The report also provides zero evidence that the clinic was deliberately targeted by Israel.

Indeed, in his Reuters interview, Dr Bahaeldeen Ghalayini, the founder and director of the clinic, confirmed the embryos were lost but admitted he did not know if the clinic was intentionally targeted or struck incidentally. So how did the commission know? As far as one can tell, the report simply assumes Israeli criminal intent.

The treatment of the Israeli hostages is even more obscene. The report omits the fact that Hamas took Israeli hostages and erases the fact that it continues to starve and imprison them. Instead, it accuses Israel of holding Palestinians hostage.

When it comes to proving genocide, the specific intent to destroy a protected group is the central and extremely high bar. The report fails on this threshold alone. It never proves genocidal intent. Rather, it relies on the tortured parsing of statements, selective quotations and conjecture.

Indeed, the whole evidentiary base relies on the Orwellian Gaza Ministry of Health

and its instant inflated statistics, which are uncritically accepted, and backed up by

NGOs that have aligned themselves with Hamas. It ignores Israel’s claims that at least 9,000 of those killed are militants and turns a blind eye to Hamas’s war crimes.
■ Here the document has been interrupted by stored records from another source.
(* If \<tau>(!) = P_1 w, let \<tau>(?) run alone up to its blocking P_2: then lock 2 is full
   while \<tau>(!) waits at its initial P_1. The translations of the must-convergent processes
   !\<checkmark> | ?!\<checkmark> and !?0 | ?\<checkmark> never reach a state in which both
   components wait at puts on full locks. Hence, whenever \<tau>(!) waits at P_1 and \<tau>(?)
   at P_2 with one of the two locks full, the other component runs on until it waits again at
   its own put with its own lock full, and it becomes strictly shorter. It cannot run to its end:
   the test process then restarts the other word, which reaches its blocking put with that lock
   full once more (the state of a lock after a word using it does not depend on the initial
   state), a deadlock. The restarted word cannot block earlier at a put on the other lock either:
   that put would be the first use of its lock, and such a put already deadlocks against the
   other word's blocking put. *)

lemma sync_step_offers: "sync_step P Q \<Longrightarrow> (\<exists>u. SSend u \<in># P) \<and> (\<exists>u. SRecv u \<in># P)"
  by (cases rule: sync_step.cases) auto

lemma sync_step_pair: "sync_step {#SSend a, SRecv c#} Q \<longleftrightarrow> Q = {#a, c#}"
proof
  assume "sync_step {#SSend a, SRecv c#} Q"
  then show "Q = {#a, c#}"
  proof cases
    case (1 u1 u2 P)
    then have "SSend u1 \<in># {#SSend a, SRecv c#}" "SRecv u2 \<in># {#SSend a, SRecv c#}" by simp_all
    then have "u1 = a" "u2 = c" by auto
    with 1 show ?thesis by simp
  qed
next
  show "Q = {#a, c#} \<Longrightarrow> sync_step {#SSend a, SRecv c#} Q"
    using sync_step.intros[of a c "{#}"] by simp
qed
(* Let $p$ be an odd prime, $n\ge 1$, and let $f,g:\mathbb{F}_{p^n}\to\mathbb{F}_{p^n}$ both be planar Dembowski–Ostrom functions. Then $f$ and $g$ are EA-equivalent if and only if $f$ and $g$ are linear equivalent.
   Context: A function $f:\mathbb{F}_{p^n}\to\mathbb{F}_{p^n}$ is planar if for every $a\in\mathbb{F}_{p^n}^*$ the map $x\mapsto f(x+a)-f(x)$ is a bijection of $\mathbb{F}_{p^n}$. A Dembowski–Ostrom (DO) function is one given by a polynomial of the form $\sum_{i,j}a_{ij}x^{p^i+p^j}$ with $a_{ij}\in\mathbb{F}_{p^n}$. A function is affine if it is the sum of a constant and a linearized polynomial $\sum_i c_i x^{p^i}$ over $\mathbb{F}_{p^n}$. Two functions $f,g$ are EA-equivalent if $g=l_1\circ f\circ l_2+l_3$ with $l_1,l_2,l_3$ affine and $l_1,l_2$ permutations of $\mathbb{F}_{p^n}$; they are linear equivalent if $g=l_1\circ f\circ l_2$ with $l_1,l_2$ linearized permutation polynomials (i.e. $\mathbb{F}_p$-linear bijections). *)

theory Defs
  imports Main "HOL-Computational_Algebra.Primes"
begin

definition planar :: "('a::field \<Rightarrow> 'a) \<Rightarrow> bool" where
  "planar f \<longleftrightarrow> (\<forall>a. a \<noteq> 0 \<longrightarrow> bij (\<lambda>x. f (x + a) - f x))"

definition DO_fun :: "nat \<Rightarrow> ('a::field \<Rightarrow> 'a) \<Rightarrow> bool" where
  "DO_fun p f \<longleftrightarrow> (\<exists>(N::nat) (a::nat \<Rightarrow> nat \<Rightarrow> 'a).
      f = (\<lambda>x. \<Sum>i<N. \<Sum>j<N. a i j * x ^ (p ^ i + p ^ j)))"

definition linearized :: "nat \<Rightarrow> ('a::field \<Rightarrow> 'a) \<Rightarrow> bool" where
  "linearized p l \<longleftrightarrow> (\<exists>(N::nat) (c::nat \<Rightarrow> 'a). l = (\<lambda>x. \<Sum>i<N. c i * x ^ (p ^ i)))"

definition affine_fun :: "nat \<Rightarrow> ('a::field \<Rightarrow> 'a) \<Rightarrow> bool" where
  "affine_fun p l \<longleftrightarrow> (\<exists>c L. linearized p L \<and> l = (\<lambda>x. c + L x))"

definition EA_equivalent :: "nat \<Rightarrow> ('a::field \<Rightarrow> 'a) \<Rightarrow> ('a \<Rightarrow> 'a) \<Rightarrow> bool" where
  "EA_equivalent p f g \<longleftrightarrow> (\<exists>l1 l2 l3. affine_fun p l1 \<and> affine_fun p l2 \<and> affine_fun p l3
      \<and> bij l1 \<and> bij l2 \<and> g = (\<lambda>x. l1 (f (l2 x)) + l3 x))"

definition linear_equivalent :: "nat \<Rightarrow> ('a::field \<Rightarrow> 'a) \<Rightarrow> ('a \<Rightarrow> 'a) \<Rightarrow> bool" where
  "linear_equivalent p f g \<longleftrightarrow> (\<exists>l1 l2. linearized p l1 \<and> linearized p l2
      \<and> bij l1 \<and> bij l2 \<and> g = l1 \<circ> f \<circ> l2)"

end

theory Submission
  imports Defs "HOL-Number_Theory.Residues"
begin

text \<open>
  A DO function is a sum of products of two Frobenius powers, each of which is additive;
  hence it satisfies the parallelogram law \<open>f (c + y) + f (c - y) = 2 f c + 2 f y\<close>, and
  (as \<open>2 \<noteq> 0\<close>) it vanishes at \<open>0\<close> and is even. If \<open>g x = c\<^sub>1 + L\<^sub>1 (f (c\<^sub>2 + L\<^sub>2 x)) + c\<^sub>3 + L\<^sub>3 x\<close>,
  comparing \<open>g x + g (-x) = 2 g x\<close> with the parallelogram law for \<open>f\<close> at \<open>c\<^sub>2\<close> and
  \<open>L\<^sub>2 x\<close> makes the odd part \<open>L\<^sub>3\<close> and the constants cancel, leaving \<open>g = L\<^sub>1 \<circ> f \<circ> L\<^sub>2\<close>.
\<close>

definition parallelogram_law :: "('a::ring_1 \<Rightarrow> 'a) \<Rightarrow> bool" where
  "parallelogram_law f \<longleftrightarrow> (\<forall>c y. f (c + y) + f (c - y) = 2 * f c + 2 * f y)"

lemma CHAR_eq_of_card_eq_prime_power:
  assumes "prime p" "card (UNIV :: 'a::{field,finite} set) = p ^ n"
  shows "CHAR('a) = p"
proof -
  have "prime CHAR('a)"
    by (rule prime_CHAR_semidom) (simp add: finite_imp_CHAR_pos)
  moreover have "CHAR('a) dvd p ^ n"
    using CHAR_dvd_CARD[where 'a='a] assms(2) by simp
  ultimately show ?thesis
    using assms(1) prime_dvd_power primes_dvd_imp_eq by blast
qed

lemma two_neq_zero_of_odd_CHAR:
  assumes "odd CHAR('a::field)"
  shows "(2::'a) \<noteq> 0"
proof
  assume "(2::'a) = 0"
  then have "CHAR('a) dvd 2"
    using of_nat_eq_0_iff_char_dvd[of 2, where 'a='a] by simp
  then have "CHAR('a) \<le> 2" by (rule dvd_imp_le) simp
  with assms have "CHAR('a) = 1"
    by (auto simp: le_Suc_eq numeral_2_eq_2)
  then show False
    using of_nat_eq_0_iff_char_dvd[of 1, where 'a='a] by simp
qed

lemma additive_power_CHAR_power:
  assumes "prime CHAR('a::comm_ring_1)"
  shows "additive (\<lambda>x::'a. x ^ (CHAR('a) ^ i))"
  by standard (rule freshmans_dream'[OF assms refl])

lemma additive_linearized:
  fixes L :: "'a::field \<Rightarrow> 'a"
  assumes "prime CHAR('a)" "linearized CHAR('a) L"
  shows "additive L"
proof
  fix x y :: 'a
  interpret frobenius: additive "\<lambda>x::'a. x ^ (CHAR('a) ^ i)" for i
    by (rule additive_power_CHAR_power[OF assms(1)])
  from assms(2) obtain N c where "L = (\<lambda>x. \<Sum>i<N. c i * x ^ (CHAR('a) ^ i))"
    unfolding linearized_def by blast
  then show "L (x + y) = L x + L y"
    by (simp add: frobenius.add distrib_left sum.distrib)
qed

lemma linearized_imp_affine_fun: "linearized p L \<Longrightarrow> affine_fun p L"
  unfolding affine_fun_def by (intro exI[of _ 0] exI[of _ L]) simp

lemma linearized_zero: "linearized p (\<lambda>x. 0)"
  unfolding linearized_def by (intro exI[of _ 0]) simp

lemma bij_linear_part_of_affine:
  fixes c :: "'a::ab_group_add" and L :: "'b \<Rightarrow> 'a"
  assumes "bij (\<lambda>x. c + L x)"
  shows "bij L"
proof -
  have "L = (\<lambda>z. z - c) \<circ> (\<lambda>x. c + L x)" by auto
  moreover have "bij (\<lambda>z::'a. z - c)"
    by (rule bij_betwI[where g = "\<lambda>z. z + c"]) auto
  ultimately show ?thesis
    using assms bij_comp by metis
qed

lemma parallelogram_law_product_of_additive:
  fixes A B :: "'a::comm_ring_1 \<Rightarrow> 'a"
  assumes "additive A" "additive B"
  shows "parallelogram_law (\<lambda>x. A x * B x)"
proof -
  interpret A: additive A by fact
  interpret B: additive B by fact
  have "(a + b) * (c + d) + (a - b) * (c - d) = 2 * (a * c) + 2 * (b * d)" for a b c d :: 'a
    by (simp add: algebra_simps mult_2)
  then show ?thesis
    unfolding parallelogram_law_def by (simp add: A.add A.diff B.add B.diff)
qed

lemma parallelogram_law_sum:
  "(\<And>i. i \<in> I \<Longrightarrow> parallelogram_law (f i)) \<Longrightarrow> parallelogram_law (\<lambda>x. \<Sum>i\<in>I. f i x)"
  unfolding parallelogram_law_def sum_distrib_left sum.distrib[symmetric] by simp

lemma parallelogram_law_scale:
  "parallelogram_law f \<Longrightarrow> parallelogram_law (\<lambda>x. a * f x)"
  unfolding parallelogram_law_def
proof (intro allI)
  fix c y
  assume "\<forall>c y. f (c + y) + f (c - y) = 2 * f c + 2 * f y"
  then have "a * (f (c + y) + f (c - y)) = a * (2 * f c + 2 * f y)" by simp
  then show "a * f (c + y) + a * f (c - y) = 2 * (a * f c) + 2 * (a * f y)"
    by (simp only: distrib_left mult_2)
qed

lemma parallelogram_law_DO_fun:
  fixes f :: "'a::field \<Rightarrow> 'a"
  assumes "prime CHAR('a)" "DO_fun CHAR('a) f"
  shows "parallelogram_law f"
proof -
  from assms(2) obtain N a
    where f: "f = (\<lambda>x. \<Sum>i<N. \<Sum>j<N. a i j * x ^ (CHAR('a) ^ i + CHAR('a) ^ j))"
    unfolding DO_fun_def by blast
  have monomial: "parallelogram_law (\<lambda>x::'a. x ^ (CHAR('a) ^ i + CHAR('a) ^ j))" for i j
    using parallelogram_law_product_of_additive
      [OF additive_power_CHAR_power[OF assms(1), of i] additive_power_CHAR_power[OF assms(1), of j]]
    by (simp add: power_add)
  show ?thesis
    unfolding f by (intro parallelogram_law_sum parallelogram_law_scale) (rule monomial)
qed

lemma parallelogram_law_zero:
  fixes f :: "'a::idom \<Rightarrow> 'a"
  assumes "parallelogram_law f" "(2::'a) \<noteq> 0"
  shows "f 0 = 0"
proof -
  have "2 * f 0 = 2 * f 0 + 2 * f 0"
    using assms(1)[unfolded parallelogram_law_def, rule_format, of 0 0]
    by (simp only: add_0_right diff_0_right mult_2)
  then have "2 * f 0 = 0" by (simp only: add_cancel_right_right)
  then show ?thesis using assms(2) by simp
qed

lemma parallelogram_law_even:
  fixes f :: "'a::idom \<Rightarrow> 'a"
  assumes "parallelogram_law f" "(2::'a) \<noteq> 0"
  shows "f (- x) = f x"
proof -
  have "f x + f (- x) = f x + f x"
    using assms(1)[unfolded parallelogram_law_def, rule_format, of 0 x]
      parallelogram_law_zero[OF assms]
    by (simp only: add_0_left diff_0 mult_zero_right mult_2)
  then show ?thesis by (rule add_left_imp_eq)
qed

lemma affine_parts_vanish:
  fixes f g :: "'a::idom \<Rightarrow> 'a"
  assumes two: "(2::'a) \<noteq> 0"
    and f: "parallelogram_law f" and g: "parallelogram_law g"
    and "additive L\<^sub>1" "additive L\<^sub>2" "additive L\<^sub>3"
    and g_eq: "\<And>x. g x = c\<^sub>1 + L\<^sub>1 (f (c\<^sub>2 + L\<^sub>2 x)) + (c\<^sub>3 + L\<^sub>3 x)"
  shows "g x = L\<^sub>1 (f (L\<^sub>2 x))"
proof -
  interpret L\<^sub>1: additive L\<^sub>1 by fact
  interpret L\<^sub>2: additive L\<^sub>2 by fact
  interpret L\<^sub>3: additive L\<^sub>3 by fact
  have L\<^sub>1_double: "L\<^sub>1 (2 * a) = 2 * L\<^sub>1 a" for a
    by (simp only: mult_2 L\<^sub>1.add)
  define y where "y = L\<^sub>2 x"
  have g0: "c\<^sub>1 + L\<^sub>1 (f c\<^sub>2) + c\<^sub>3 = 0"
    using g_eq[of 0] parallelogram_law_zero[OF g two] by (simp add: L\<^sub>2.zero L\<^sub>3.zero)
  have "2 * g x = g x + g (- x)"
    by (simp only: parallelogram_law_even[OF g two] mult_2)
  also have "\<dots> = 2 * (c\<^sub>1 + c\<^sub>3) + L\<^sub>1 (f (c\<^sub>2 + y) + f (c\<^sub>2 - y))"
    unfolding g_eq L\<^sub>1.add L\<^sub>2.minus L\<^sub>3.minus y_def by (simp add: algebra_simps)
  also have "\<dots> = 2 * (c\<^sub>1 + c\<^sub>3) + (2 * L\<^sub>1 (f c\<^sub>2) + 2 * L\<^sub>1 (f y))"
    using f[unfolded parallelogram_law_def, rule_format, of c\<^sub>2 y]
    by (simp only: L\<^sub>1.add L\<^sub>1_double)
  also have "\<dots> = 2 * (c\<^sub>1 + L\<^sub>1 (f c\<^sub>2) + c\<^sub>3) + 2 * L\<^sub>1 (f y)"
    by (simp add: algebra_simps)
  finally show ?thesis
    using two unfolding g0 y_def by simp
qed

lemma linear_equivalent_imp_EA_equivalent:
  assumes "linear_equivalent p f g"
  shows "EA_equivalent p f g"
proof -
  from assms obtain L\<^sub>1 L\<^sub>2 where L: "linearized p L\<^sub>1" "linearized p L\<^sub>2" "bij L\<^sub>1" "bij L\<^sub>2"
    and "g = L\<^sub>1 \<circ> f \<circ> L\<^sub>2"
    unfolding linear_equivalent_def by blast
  then have "g = (\<lambda>x. L\<^sub>1 (f (L\<^sub>2 x)) + 0)" by auto
  then show ?thesis
    unfolding EA_equivalent_def
    using L linearized_imp_affine_fun linearized_zero by blast
qed

lemma EA_equivalent_imp_linear_equivalent:
  fixes f g :: "'a::field \<Rightarrow> 'a"
  assumes "prime CHAR('a)" "odd CHAR('a)" "DO_fun CHAR('a) f" "DO_fun CHAR('a) g"
    and "EA_equivalent CHAR('a) f g"
  shows "linear_equivalent CHAR('a) f g"
proof -
  from assms(5) obtain c\<^sub>1 c\<^sub>2 c\<^sub>3 L\<^sub>1 L\<^sub>2 L\<^sub>3
    where L: "linearized CHAR('a) L\<^sub>1" "linearized CHAR('a) L\<^sub>2" "linearized CHAR('a) L\<^sub>3"
      and bij: "bij (\<lambda>x. c\<^sub>1 + L\<^sub>1 x)" "bij (\<lambda>x. c\<^sub>2 + L\<^sub>2 x)"
      and g_eq: "\<And>x. g x = c\<^sub>1 + L\<^sub>1 (f (c\<^sub>2 + L\<^sub>2 x)) + (c\<^sub>3 + L\<^sub>3 x)"
    unfolding EA_equivalent_def affine_fun_def by blast
  have "g x = L\<^sub>1 (f (L\<^sub>2 x))" for x
    using affine_parts_vanish[OF two_neq_zero_of_odd_CHAR[OF assms(2)]
        parallelogram_law_DO_fun[OF assms(1,3)] parallelogram_law_DO_fun[OF assms(1,4)]
        additive_linearized[OF assms(1) L(1)] additive_linearized[OF assms(1) L(2)]
        additive_linearized[OF assms(1) L(3)] g_eq] .
  then have "g = L\<^sub>1 \<circ> f \<circ> L\<^sub>2" by auto
  then show ?thesis
    unfolding linear_equivalent_def
    using L bij bij_linear_part_of_affine by blast
qed

theorem lemma1:
  fixes f g :: "'a::{field,finite} \<Rightarrow> 'a" and p n :: nat
  assumes "prime p" and "odd p" and "n \<ge> 1" and "card (UNIV :: 'a set) = p ^ n"
    and "planar f" and "DO_fun p f" and "planar g" and "DO_fun p g"
  shows "EA_equivalent p f g \<longleftrightarrow> linear_equivalent p f g"
proof -
  have "CHAR('a) = p"
    using CHAR_eq_of_card_eq_prime_power assms(1,4) by blast
  then show ?thesis
    using EA_equivalent_imp_linear_equivalent linear_equivalent_imp_EA_equivalent assms(1,2,6,8)
    by blast
qed

end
Thus, there is no acknowledgment that Hamas uses hospitals, schools, and civilian infrastructure for its military bases and weapons depots. There is no analysis of how this affects proportionality and turns civilians into human shields, or recognition that it is not evidence that Israel is deliberately targeting civilians. The mental health impacts of war, the difficulty in accessing medical care, and the displacement of civilians fleeing fighting are depicted as evidence of genocide rather than the inevitable outcome of urban conflict, particularly fighting a belligerent that flouts the laws of war.

The Commission misuses legal standards, applying the standard that there are

‘reasonable grounds to conclude’ rather than the higher standards required for genocide.

Naturally, Palestinian dissent within Gaza against Hamas and the persecution of anyone who does not support Hamas for whatever reason is ignored.

Calls for international sanctions and obligations on third states to act against Israel, while exempting Hamas and its backers – Qatar and Iran – from accountability are despicable.

In short, this report is legally flawed, methodologically biased, and politically motivated. It weaponises the Genocide Convention against Israel while absolving Hamas of any responsibility, thereby distorting facts on the ground, making a mockery of international law and burying the truth under bias and betrayal.

This report should embarrass the United Nations. It is a double embarrassment for Australia because one of the three commissioners is Australian. Disgracefully, it is safe to say that those operating within the UN bubble are beyond embarrassment.

But when the UN uses this warped logic to twist the Genocide Convention into a weapon against the world’s only Jewish state, it is not promoting the rule of law, it is perverting justice.

This report will delight and embolden the billionaire antisemites in Qatar and Iran. As for those who hunger and thirst for righteousness, they must recognise that they will not find it at the UN.